**What is required:** Each line of the data below from the one holding "Summing over the" to the one holding "the four phases", inclusive, is to be reproduced exactly; no other line belongs in the answer.

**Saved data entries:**

(* Let $d\geq 2$, let $t\geq 2$ be an integer and $0\leq\epsilon<1$. Let $U$ be a $d\times d$ unitary matrix distributed according to an $\epsilon$-approximate unitary $t$-design. Then for any unit vectors $|\alpha\rangle,|\beta\rangle\in\mathbb{C}^d$ and any constant $0\leq\gamma\leq1-\epsilon$, $$\Pr_U\left[|\langle\alpha|U|\beta\rangle|^2>\frac{\gamma}{d}\right]\geq\frac{(1-\epsilon-\gamma)^2}{2(1+\epsilon)}.$$
   Context: A distribution $\{p_i,U_i\}$ over $d\times d$ unitaries is an $\epsilon$-approximate unitary $t$-design if for every polynomial $f$ homogeneous of degree $t$ in the entries of $U$ and homogeneous of degree $t$ in the entries of $U^*$, $(1-\epsilon)\int_{\mathrm{U}(d)}f(U)\,dU\leq\sum_ip_if(U_i)\leq(1+\epsilon)\int_{\mathrm{U}(d)}f(U)\,dU$, with $dU$ the Haar measure on $\mathrm{U}(d)$. *)

theory Defs
  imports "HOL-Probability.Probability"
begin

text \<open>Conjugate transpose and unitary d x d matrices (d = CARD('n)).\<close>

definition adjoint_mat :: "complex^'n^'n \<Rightarrow> complex^'n^'n" where
  "adjoint_mat U = (\<chi> i j. cnj (U $ j $ i))"

definition unitary_mat :: "complex^'n^'n \<Rightarrow> bool" where
  "unitary_mat U \<longleftrightarrow> adjoint_mat U ** U = mat 1 \<and> U ** adjoint_mat U = mat 1"

definition unitary_group :: "(complex^'n::finite^'n) set" where
  "unitary_group = {U. unitary_mat U}"

text \<open>H is the Haar measure on U(d): a Borel probability measure on d x d complex
  matrices concentrated on U(d) and invariant under left and right multiplication
  by unitaries (this characterises the Haar measure uniquely).\<close>

definition is_haar_measure :: "(complex^'n::finite^'n) measure \<Rightarrow> bool" where
  "is_haar_measure H \<longleftrightarrow>
     prob_space H \<and> sets H = sets borel \<and> emeasure H unitary_group = 1 \<and>
     (\<forall>V \<in> unitary_group. distr H borel (\<lambda>U. V ** U) = H \<and> distr H borel (\<lambda>U. U ** V) = H)"

text \<open>Polynomials homogeneous of degree t in the entries of U and homogeneous of
  degree t in the entries of U^* (i.e. in the conjugates of the entries of U):
  arbitrary complex linear combinations of the monomials
  U_{a1} ... U_{at} * conj(U_{b1}) ... conj(U_{bt}).\<close>

definition bihom_poly :: "nat \<Rightarrow> (complex^'n::finite^'n \<Rightarrow> complex) \<Rightarrow> bool" where
  "bihom_poly t f \<longleftrightarrow>
     (\<exists>c :: ('n \<times> 'n) list \<Rightarrow> ('n \<times> 'n) list \<Rightarrow> complex.
        f = (\<lambda>U. \<Sum>a\<in>{xs. length xs = t}. \<Sum>b\<in>{xs. length xs = t}.
               c a b * (\<Prod>k<t. U $ fst (a!k) $ snd (a!k))
                     * (\<Prod>k<t. cnj (U $ fst (b!k) $ snd (b!k)))))"

definition approx_design ::
  "(complex^'n::finite^'n) measure \<Rightarrow> real \<Rightarrow> nat \<Rightarrow> (complex^'n^'n) pmf \<Rightarrow> bool" where
  "approx_design H \<epsilon> t D \<longleftrightarrow>
     set_pmf D \<subseteq> unitary_group \<and>
     (\<forall>f. bihom_poly t f \<and> (\<forall>U\<in>unitary_group. f U \<in> \<real> \<and> 0 \<le> Re (f U)) \<longrightarrow>
        (1 - \<epsilon>) * (\<integral>U. Re (f U) \<partial>H) \<le> measure_pmf.expectation D (\<lambda>U. Re (f U)) \<and>
        measure_pmf.expectation D (\<lambda>U. Re (f U)) \<le> (1 + \<epsilon>) * (\<integral>U. Re (f U) \<partial>H))"

definition bra_ket :: "complex^'n \<Rightarrow> complex^'n^'n \<Rightarrow> complex^'n \<Rightarrow> complex" where
  "bra_ket \<alpha> U \<beta> = (\<Sum>i\<in>UNIV. cnj (\<alpha> $ i) * (U *v \<beta>) $ i)"

end

theory Submission
  imports Defs
begin

text \<open>Left invariance of the Haar measure lets one replace the bra \<open>\<langle>\<alpha>|\<close> by any other unit
  vector, so each Haar moment of \<open>|\<langle>\<alpha>|U|\<beta>\<rangle>|\<^sup>2\<close> equals that of a single matrix entry.
  Summing over the standard basis gives the first moment \<open>1/d\<close>, and a polarisation over
  the four phases \<open>1, \<i>, -1, -\<i>\<close> gives the second moment \<open>2/(d(d+1))\<close>. Both are
  expectations of balanced polynomials of degree at most two; multiplying by powers of
  \<open>\<Sum>\<^sub>i\<^sub>j |U\<^sub>i\<^sub>j|\<^sup>2/d\<close>, which is 1 on \<open>U(d)\<close>, raises the degree to \<open>t\<close>, so the design
  reproduces them up to the factors \<open>1 \<plusminus> \<epsilon>\<close>. The Paley--Zygmund inequality turns the
  two moment bounds into the lower bound on the probability.\<close>

section \<open>Hermitian inner product and unitary matrices\<close>

definition cinner :: "complex^'n \<Rightarrow> complex^'n \<Rightarrow> complex" where
  "cinner x y = (\<Sum>i\<in>UNIV. cnj (x$i) * y$i)"
lemma signed_perm_weight_insert_max_cycle:
  assumes w: "w \<in> signed_perms n" and e: "e \<in> {1, -1}" and j: "j \<in> {1..int n}"
  shows "signed_perm_weight k (Suc n) (insert_max n w \<bar>w j\<bar> e) =
    cst k * (if is_wexc w j then varY else varX) * signed_perm_weight k n w"
proof -
  define W where "W = insert_max n w \<bar>w j\<bar> e"
  have i: "\<bar>w j\<bar> \<in> {1..int n}" by (rule signed_perms_abs_range[OF w j])
  have "wexc (Suc n) W + of_bool (is_wexc w j) = wexc n w + 1"
    unfolding W_def by (rule wexc_insert_max_cycle[OF w e j])
  then have wexc: "wexc (Suc n) W = wexc n w + of_bool (\<not> is_wexc w j)"
    by (cases "is_wexc w j") simp_all
  moreover have "wexc (Suc n) W + aexc (Suc n) W = Suc n"
    using insert_max_mem[OF w _ e] i unfolding W_def by (intro wexc_add_aexc) simp
  ultimately have aexc: "aexc (Suc n) W = aexc n w + of_bool (is_wexc w j)"
    using wexc_add_aexc[OF w] by (cases "is_wexc w j") simp_all
  have "Suc n - cyc (Suc n) W = Suc (n - cyc n w)"
    using cyc_insert_max_cycle[OF w e i] cyc_le[of n w] by (simp add: W_def)
  then show ?thesis
    unfolding W_def[symmetric]
    by (cases "is_wexc w j") (simp_all add: signed_perm_weight_def wexc aexc algebra_simps)
qed

lemma sum_signed_perm_weight_insert_max:
  assumes w: "w \<in> signed_perms n"
  shows "(\<Sum>(i, e)\<in>insert_choices n. signed_perm_weight k (Suc n) (insert_max n w i e)) =
    (varX + varY + 2 * cst k * (of_nat (wexc n w) * varY + of_nat (aexc n w) * varX))
      * signed_perm_weight k n w"
proof -
  let ?F = "signed_perm_weight k n w"
  let ?G = "\<lambda>i e. signed_perm_weight k (Suc n) (insert_max n w i e)"
  have "(\<Sum>(i, e)\<in>insert_choices n. ?G i e) = (\<Sum>i\<in>insert (int n + 1) {1..int n}. \<Sum>e\<in>{1, -1}. ?G i e)"
    unfolding insert_choices_def sum.cartesian_product[symmetric]
    by (intro sum.cong) auto
  also have "\<dots> = (\<Sum>e\<in>{1, -1}. ?G (int n + 1) e) + (\<Sum>i\<in>{1..int n}. \<Sum>e\<in>{1, -1}. ?G i e)"
    by simp
  also have "(\<Sum>e\<in>{1, -1}. ?G (int n + 1) e) = (varX + varY) * ?F"
    by (simp add: signed_perm_weight_insert_max_fixed[OF w]) (simp add: algebra_simps)
  also have "(\<Sum>i\<in>{1..int n}. \<Sum>e\<in>{1, -1}. ?G i e) = (\<Sum>j\<in>{1..int n}. \<Sum>e\<in>{1, -1}. ?G \<bar>w j\<bar> e)"
    by (rule sum.reindex_bij_betw[OF bij_betw_abs_signed_perm[OF w], symmetric])
  also have "\<dots> = (\<Sum>j\<in>{1..int n}.
      if is_wexc w j then 2 * cst k * varY * ?F else 2 * cst k * varX * ?F)"
    by (intro sum.cong refl) (simp add: signed_perm_weight_insert_max_cycle[OF w] algebra_simps)
  also have "\<dots> = 2 * cst k * (of_nat (wexc n w) * varY + of_nat (aexc n w) * varX) * ?F"
    by (simp add: sum.If_cases wexc_eq_card aexc_eq_card[OF w] Int_def algebra_simps)
  finally show ?thesis by (simp add: algebra_simps)
qed

lemma signed_perms_0: "signed_perms 0 = {id}"
  by (auto simp: signed_perms_def)

lemma higher_derivative_varI:
  fixes k :: "'a::comm_ring_1"
  assumes "derivation D"
    and const: "\<And>c. D (cst c) = 0"
    and DI: "D varI = varI * (varX + varY)"
    and Dx: "D varX = 2 * cst k * varX * varY"
    and Dy: "D varY = 2 * cst k * varX * varY"
  shows "(D ^^ n) varI = varI * (\<Sum>w\<in>signed_perms n. signed_perm_weight k n w)"
proof (induction n)
  case 0
  then show ?case by (simp add: signed_perms_0 signed_perm_weight_def wexc_def aexc_def cyc_def)
next
  case (Suc n)
  interpret derivation D by fact
  have D_weight: "D (signed_perm_weight k n w) = 2 * cst k *
      (of_nat (wexc n w) * varY + of_nat (aexc n w) * varX) * signed_perm_weight k n w" for w
    unfolding signed_perm_weight_def by (rule monomial[OF Dx Dy const])
  have "(D ^^ Suc n) varI = varI * (\<Sum>w\<in>signed_perms n. (varX + varY) * signed_perm_weight k n w
                                      + D (signed_perm_weight k n w))"
    using Suc by (simp add: leibniz DI sum sum.distrib sum_distrib_left algebra_simps)
  also have "\<dots> = varI * (\<Sum>w\<in>signed_perms n. \<Sum>(i, e)\<in>insert_choices n.
                              signed_perm_weight k (Suc n) (insert_max n w i e))"
    by (intro arg_cong[where f = "times varI"] sum.cong refl)
      (simp add: sum_signed_perm_weight_insert_max D_weight algebra_simps)
  also have "\<dots> = varI * (\<Sum>w\<in>signed_perms (Suc n). signed_perm_weight k (Suc n) w)"
    unfolding sum.cartesian_product
    by (subst sum.reindex_bij_betw[OF bij_betw_insert_max, symmetric]) (simp add: case_prod_unfold)
  finally show ?case .
qed

theorem lemma3:
  fixes k :: "'a::comm_ring_1"
    and D :: "'a poly poly poly \<Rightarrow> 'a poly poly poly"
  assumes add: "\<forall>f g. D (f + g) = D f + D g"
    and leibniz: "\<forall>f g. D (f * g) = D f * g + f * D g"
    and const: "\<forall>c. D (cst c) = 0"
    and DI: "D varI = varI * (varX + varY)"
    and Dx: "D varX = 2 * cst k * varX * varY"
    and Dy: "D varY = 2 * cst k * varX * varY"
  shows "\<forall>n\<ge>1. (D ^^ n) varI =
           varI * (\<Sum>w\<in>signed_perms n.
                     varX ^ wexc n w * varY ^ aexc n w * cst k ^ (n - cyc n w))"
proof -
  have "derivation D" by unfold_locales (simp_all add: add leibniz)
  from higher_derivative_varI[OF this _ DI Dx Dy] const
  show ?thesis by (simp add: signed_perm_weight_def)
qed

end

**Task result:**
  Summing over the standard basis gives the first moment \<open>1/d\<close>, and a polarisation over
  the four phases \<open>1, \<i>, -1, -\<i>\<close> gives the second moment \<open>2/(d(d+1))\<close>. Both are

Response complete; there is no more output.